Guerrero-Saade, who has been at the forefront of AcidRain research, said that while the malware used by the Russians in the past was just targeting, AcidRaid is more of a multipurpose weapon.
“The most worrying thing about AcidRaid is that they’ve removed all security checks,” he said. “For previous wipers, the Russians were careful to only perform on specific devices. Now those safety checks are gone, they are brute force. They have a capability that can be reused. The question is, what will we see next Such a supply chain attack?”
Experts said the attack proved typical of the “hybrid” warfare strategy employed by Moscow. It was fired in sync with the ground intrusion. This precise coordination between Russian cyber operations and the military has occurred at least six times, according to Microsoft research, underscoring the emerging role of cyber in modern warfare.
Danish Defense Minister Morten Bødskov said: “The coordinated and destructive Russian cyberattack prior to the invasion of Ukraine shows that cyberattacks are actively and strategically used in modern warfare, even when the Threats and consequences are not always visible to the public,” said in a statement. “Cyberthreats are continuous and evolving. Cyberattacks can wreak havoc on our critical infrastructure with deadly consequences.”
In this case, the damage spread from Ukraine to thousands of internet users and connected wind farms in Central Europe. Its impact is even bigger: Viasat works with the U.S. military and its partners around the world.

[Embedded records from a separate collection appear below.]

(* Let $\Lambda$ be an artin algebra, and let $f: X\to Y$ and $f': X'\to Y$ be epimorphisms of $\Lambda$-modules with isomorphic kernels. If there is $h: X\to X'$ with $f=f'h$, then $X'$ is a Riedtmann–Zwara degeneration of $X$.
   Context: Modules are finite length left $\Lambda$-modules. A module $M'$ is a Riedtmann–Zwara degeneration of $M$ if there exist a module $K$ and an exact sequence $0\to K\to K\oplus M\to M'\to 0$. *)

theory Defs
  imports "HOL-Algebra.Algebra"
begin

(* Left modules over a (not necessarily commutative) ring L, using the
   record type of HOL-Algebra.Module; only the additive structure and smult
   of a module record are meaningful. *)

definition lmodule :: "('r, 'x) ring_scheme \<Rightarrow> ('r, 'a) module \<Rightarrow> bool" where
  "lmodule L M \<longleftrightarrow> ring L \<and> abelian_group M \<and>
     (\<forall>a\<in>carrier L. \<forall>x\<in>carrier M. smult M a x \<in> carrier M) \<and>
     (\<forall>a\<in>carrier L. \<forall>b\<in>carrier L. \<forall>x\<in>carrier M.
         smult M (a \<oplus>\<^bsub>L\<^esub> b) x = smult M a x \<oplus>\<^bsub>M\<^esub> smult M b x) \<and>
     (\<forall>a\<in>carrier L. \<forall>x\<in>carrier M. \<forall>y\<in>carrier M.
         smult M a (x \<oplus>\<^bsub>M\<^esub> y) = smult M a x \<oplus>\<^bsub>M\<^esub> smult M a y) \<and>
     (\<forall>a\<in>carrier L. \<forall>b\<in>carrier L. \<forall>x\<in>carrier M.
         smult M (a \<otimes>\<^bsub>L\<^esub> b) x = smult M a (smult M b x)) \<and>
     (\<forall>x\<in>carrier M. smult M \<one>\<^bsub>L\<^esub> x = x)"

definition lsubmodule :: "('r, 'x) ring_scheme \<Rightarrow> 'a set \<Rightarrow> ('r, 'a) module \<Rightarrow> bool" where
  "lsubmodule L N M \<longleftrightarrow> N \<subseteq> carrier M \<and> \<zero>\<^bsub>M\<^esub> \<in> N \<and>
     (\<forall>x\<in>N. \<forall>y\<in>N. x \<oplus>\<^bsub>M\<^esub> y \<in> N) \<and>
     (\<forall>x\<in>N. \<ominus>\<^bsub>M\<^esub> x \<in> N) \<and>
     (\<forall>a\<in>carrier L. \<forall>x\<in>N. smult M a x \<in> N)"

definition finite_length :: "('r, 'x) ring_scheme \<Rightarrow> ('r, 'a) module \<Rightarrow> bool" where
  "finite_length L M \<longleftrightarrow> lmodule L M \<and>
     (\<exists>n::nat. \<forall>(k::nat) (c::nat \<Rightarrow> 'a set).
        (\<forall>i\<le>k. lsubmodule L (c i) M) \<and> (\<forall>i<k. c i \<subset> c (Suc i)) \<longrightarrow> k \<le> n)"

definition lhom :: "('r, 'x) ring_scheme \<Rightarrow> ('r, 'a) module \<Rightarrow> ('r, 'b) module \<Rightarrow> ('a \<Rightarrow> 'b) \<Rightarrow> bool" where
  "lhom L M N f \<longleftrightarrow> f \<in> carrier M \<rightarrow> carrier N \<and>
     (\<forall>x\<in>carrier M. \<forall>y\<in>carrier M. f (x \<oplus>\<^bsub>M\<^esub> y) = f x \<oplus>\<^bsub>N\<^esub> f y) \<and>
     (\<forall>a\<in>carrier L. \<forall>x\<in>carrier M. f (smult M a x) = smult N a (f x))"
section \<open>The Euler product inequality\<close>

lemma euler_product_sieve:
  fixes P :: "nat set"
  assumes "finite P" "\<forall>p\<in>P. prime p"
  shows "(\<Prod>p\<in>P. 1 - 1 / real p ^ 2) * (\<Sum>n\<in>{1..M}. 1 / real n ^ 2)
         \<le> (\<Sum>n\<in>{n\<in>{1..M}. \<forall>p\<in>P. \<not> p dvd n}. 1 / real n ^ 2)"
  using assms
proof (induction P rule: finite_induct)
  case empty
  have "{n\<in>{1..M}. \<forall>p\<in>{}. \<not> p dvd n} = {1..M}" by auto
  then show ?case by simp
next
  case (insert q P)
  define D where "D = {n\<in>{1..M}. \<forall>p\<in>P. \<not> p dvd n}"
  define f where "f n = 1 / real n ^ 2" for n :: nat
  have q1: "q > 1" using insert prime_gt_1_nat by simp
  have multiples: "(\<Sum>n\<in>{n\<in>D. q dvd n}. f n) \<le> (\<Sum>j\<in>D. f (q * j))"
  proof -
    have "{n\<in>D. q dvd n} \<subseteq> (\<lambda>j. q * j) ` D"
    proof
      fix n assume n: "n \<in> {n\<in>D. q dvd n}"
      then obtain j where j: "n = q * j" by blast
      have "j \<le> M" using n q1 le_trans[of j "q * j" M] unfolding j D_def by simp
      then have "j \<in> D" using n unfolding j D_def by (auto intro: Suc_leI)
      then show "n \<in> (\<lambda>j. q * j) ` D" using j by blast
    qed
    then have "(\<Sum>n\<in>{n\<in>D. q dvd n}. f n) \<le> (\<Sum>n\<in>(\<lambda>j. q * j) ` D. f n)"
      by (intro sum_mono2) (auto simp: D_def f_def)
    also have "\<dots> = (\<Sum>j\<in>D. f (q * j))"
      using q1 by (subst sum.reindex) (auto simp: inj_on_def)
    finally show ?thesis .
  qed
  have "(\<Prod>p\<in>insert q P. 1 - 1 / real p ^ 2) * (\<Sum>n\<in>{1..M}. f n)
      = (1 - 1 / real q ^ 2) * ((\<Prod>p\<in>P. 1 - 1 / real p ^ 2) * (\<Sum>n\<in>{1..M}. f n))"
    using insert by simp
  also have "\<dots> \<le> (1 - 1 / real q ^ 2) * (\<Sum>n\<in>D. f n)"
    using insert q1 unfolding D_def f_def by (intro mult_left_mono) (auto simp: field_simps)
  also have "\<dots> = (\<Sum>n\<in>D. f n) - (\<Sum>j\<in>D. f (q * j))"
    by (simp add: f_def right_diff_distrib sum_subtractf sum_distrib_left power_mult_distrib mult.commute)
  also have "\<dots> \<le> (\<Sum>n\<in>D. f n) - (\<Sum>n\<in>{n\<in>D. q dvd n}. f n)"
    using multiples by simp
  also have "\<dots> = (\<Sum>n\<in>D - {n\<in>D. q dvd n}. f n)"
    by (rule sum_diff[symmetric]) (simp_all add: D_def, blast)
  also have "D - {n\<in>D. q dvd n} = {n\<in>{1..M}. \<forall>p\<in>insert q P. \<not> p dvd n}"
    unfolding D_def by auto
  finally show ?case unfolding f_def .
qed

definition inverse_square_sum :: "nat \<Rightarrow> real" where
  "inverse_square_sum N = (\<Sum>n\<in>{1..N}. 1 / real n ^ 2)"

lemma inverse_square_sum_limit: "inverse_square_sum \<longlonglongrightarrow> pi^2 / 6"
proof -
  have "inverse_square_sum = (\<lambda>N. \<Sum>i<N. 1 / (1 + real i) ^ 2)"
    unfolding inverse_square_sum_def by (auto simp: fun_eq_iff sum.atLeast1_atMost_eq)
  with inverse_squares_sums show ?thesis unfolding sums_def by simp
qed

text \<open>
  The Euler inequality: no n in [2, M] avoids all primes up to M, so the sieve of
  all those primes leaves only the term n = 1.
\<close>
lemma euler_product_inequality:
  "(\<Prod>p\<in>{p. prime p \<and> p \<le> M}. 1 - 1 / real p ^ 2) * inverse_square_sum M \<le> 1"
proof -
  let ?P = "{p. prime p \<and> p \<le> M}"
  have "{n\<in>{1..M}. \<forall>p\<in>?P. \<not> p dvd n} \<subseteq> {1}"
  proof
    fix n assume n: "n \<in> {n\<in>{1..M}. \<forall>p\<in>?P. \<not> p dvd n}"
    show "n \<in> {1}"
    proof (rule ccontr)
      assume "n \<notin> {1}"
      then obtain p where "prime p" "p dvd n" using prime_factor_nat by blast
      moreover have "p \<le> n" using \<open>p dvd n\<close> n by (auto intro: dvd_imp_le)
      ultimately show False using n by auto
    qed
  qed
  then have "(\<Sum>n\<in>{n\<in>{1..M}. \<forall>p\<in>?P. \<not> p dvd n}. 1 / real n ^ 2) \<le> (\<Sum>n\<in>{1::nat}. 1 / real n ^ 2)"
    by (intro sum_mono2) auto
  moreover have "(\<Prod>p\<in>?P. 1 - 1 / real p ^ 2) * inverse_square_sum M
                 \<le> (\<Sum>n\<in>{n\<in>{1..M}. \<forall>p\<in>?P. \<not> p dvd n}. 1 / real n ^ 2)"
    unfolding inverse_square_sum_def by (rule euler_product_sieve) auto
  ultimately show ?thesis by simp
qed


section \<open>Numbers with a large square divisor\<close>

text \<open>Telescoping bound for a tail of the series of inverse squares.\<close>
lemma inverse_squares_tail:
  fixes N x :: nat
  assumes "N \<ge> 1" "x \<ge> N"
  shows "(\<Sum>m\<in>{N<..x}. 1 / real m ^ 2) \<le> 1 / real N - 1 / real x"
  using assms(2)
proof (induction x rule: nat_induct_at_least)
  case (Suc x)
  have x: "real x \<ge> 1" using Suc assms(1) by simp
  have "1 / real (Suc x) ^ 2 \<le> 1 / (real x * real (Suc x))"
    using x by (intro divide_left_mono) (auto simp: power2_eq_square)
  also have "\<dots> = 1 / real x - 1 / real (Suc x)" using x by (simp add: field_simps)
  finally have "1 / real (Suc x) ^ 2 \<le> 1 / real x - 1 / real (Suc x)" .
  moreover have "{N<..Suc x} = insert (Suc x) {N<..x}" using Suc by auto
  ultimately show ?case using Suc.IH by simp
qed simp

lemma card_multiples_le:
  fixes d x :: nat
  assumes "d > 0"
  shows "real (card {n\<in>{1..x}. d dvd n}) \<le> real x / real d"
proof -
  have "{n\<in>{1..x}. d dvd n} \<subseteq> (\<lambda>j. d * j) ` {1..x div d}"
  proof
    fix n assume n: "n \<in> {n\<in>{1..x}. d dvd n}"
    then obtain j where j: "n = d * j" by blast
    have "j = (d * j) div d" using assms by simp
    also have "\<dots> \<le> x div d" using n j by (intro div_le_mono) auto
    moreover have "j \<ge> 1" using n j by (cases j) auto
    ultimately show "n \<in> (\<lambda>j. d * j) ` {1..x div d}" using j by auto
  qed
  then have "card {n\<in>{1..x}. d dvd n} \<le> card ((\<lambda>j. d * j) ` {1..x div d})"
    by (intro card_mono) auto
  also have "\<dots> \<le> x div d" using card_image_le[of "{1..x div d}" "\<lambda>j. d * j"] by simp
  finally have "card {n\<in>{1..x}. d dvd n} \<le> x div d" .
  then have "real (card {n\<in>{1..x}. d dvd n}) \<le> real (x div d)" by simp
  also have "\<dots> \<le> real x / real d" by (rule of_nat_div_le_of_nat)
  finally show ?thesis .
qed

text \<open>
  At most x/N of the numbers 1, ..., x have a square divisor m^2 with m > N,
  by the union bound and the tail estimate for the inverse squares.
\<close>
lemma card_large_square_divisor:
  fixes N x :: nat
  assumes N: "N \<ge> 1"
  shows "real (card {n\<in>{1..x}. \<exists>m>N. m^2 dvd n}) \<le> real x / real N"
proof -
  have "{n\<in>{1..x}. \<exists>m>N. m^2 dvd n} \<subseteq> (\<Union>m\<in>{N<..x}. {n\<in>{1..x}. m^2 dvd n})"
  proof
    fix n assume n: "n \<in> {n\<in>{1..x}. \<exists>m>N. m^2 dvd n}"
    then obtain m where m: "N < m" "m^2 dvd n" by blast
    have "m \<le> m^2" by (simp add: power2_eq_square)
    also have "m^2 \<le> n" using m n by (intro dvd_imp_le) auto
    finally show "n \<in> (\<Union>m\<in>{N<..x}. {n\<in>{1..x}. m^2 dvd n})" using m n by auto
  qed
  then have "card {n\<in>{1..x}. \<exists>m>N. m^2 dvd n} \<le> (\<Sum>m\<in>{N<..x}. card {n\<in>{1..x}. m^2 dvd n})"
    by (intro order.trans[OF card_mono card_UN_le]) auto
  then have "real (card {n\<in>{1..x}. \<exists>m>N. m^2 dvd n})
             \<le> (\<Sum>m\<in>{N<..x}. real (card {n\<in>{1..x}. m^2 dvd n}))"
    by (simp flip: of_nat_sum)
  also have "\<dots> \<le> (\<Sum>m\<in>{N<..x}. real x * (1 / real m ^ 2))"
    using card_multiples_le[of "_^2" x] by (intro sum_mono) auto
  also have "\<dots> = real x * (\<Sum>m\<in>{N<..x}. 1 / real m ^ 2)" by (simp add: sum_distrib_left)
  also have "\<dots> \<le> real x * (1 / real N)"
  proof (intro mult_left_mono)
    show "(\<Sum>m\<in>{N<..x}. 1 / real m ^ 2) \<le> 1 / real N"
    proof (cases "x \<ge> N")
      case True
      have "0 \<le> 1 / real x" by simp
      then show ?thesis using inverse_squares_tail[OF N True] by linarith
    qed simp
  qed simp
  finally show ?thesis by simp
qed

lemma upper_density_large_square_divisors:
  fixes E :: "nat set" and N C :: nat
  assumes N: "N \<ge> 1" and E: "\<And>n. n \<in> E \<Longrightarrow> n > C \<Longrightarrow> \<exists>m>N. m^2 dvd n"
  shows "upper_density E \<le> ereal (1 / real N)"
proof -
  have bound: "count_ratio E x \<le> real C / real x + 1 / real N" if x: "x > 0" for x
  proof -
    have "E \<inter> {1..x} \<subseteq> {1..C} \<union> {n\<in>{1..x}. \<exists>m>N. m^2 dvd n}"
      using E by (auto simp: not_le)
    then have "card (E \<inter> {1..x}) \<le> card {1..C} + card {n\<in>{1..x}. \<exists>m>N. m^2 dvd n}"
      by (intro order.trans[OF card_mono card_Un_le]) auto
    then have "real (card (E \<inter> {1..x})) \<le> real C + real x / real N"
      using card_large_square_divisor[OF N, of x] by simp
    then have "count_ratio E x \<le> (real C + real x / real N) / real x"
      unfolding count_ratio_def by (intro divide_right_mono) auto
    also have "\<dots> = real C / real x + 1 / real N" using x by (simp add: field_simps)
    finally show ?thesis .
  qed
  have "upper_density E \<le> Limsup sequentially (\<lambda>x. ereal (real C / real x + 1 / real N))"
    unfolding upper_density_def
    by (intro Limsup_mono eventually_mono[OF eventually_gt_at_top[of 0]]) (simp add: bound)
  also have "\<dots> = ereal (1 / real N)"
    by (intro lim_imp_Limsup) (auto intro!: tendsto_eq_intros lim_const_over_n)
  finally show ?thesis .
qed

“Obviously, the Russians screwed up,” Guerrero-Sade said. “I don’t think they intended to do such a big splash damage and get the EU involved. They gave the EU an excuse to have 5,800 German wind turbines and others around the EU affected.”
Just hours before AcidRain began its destructive work on Viasat, Russian hackers used another wiper called HermeticWiper to attack Ukrainian government computers. The playbook is very similar, with the exception of satellite communications, targeting Windows machines on the network that were important for the Kyiv government to effectively resist in the early days of the intrusion.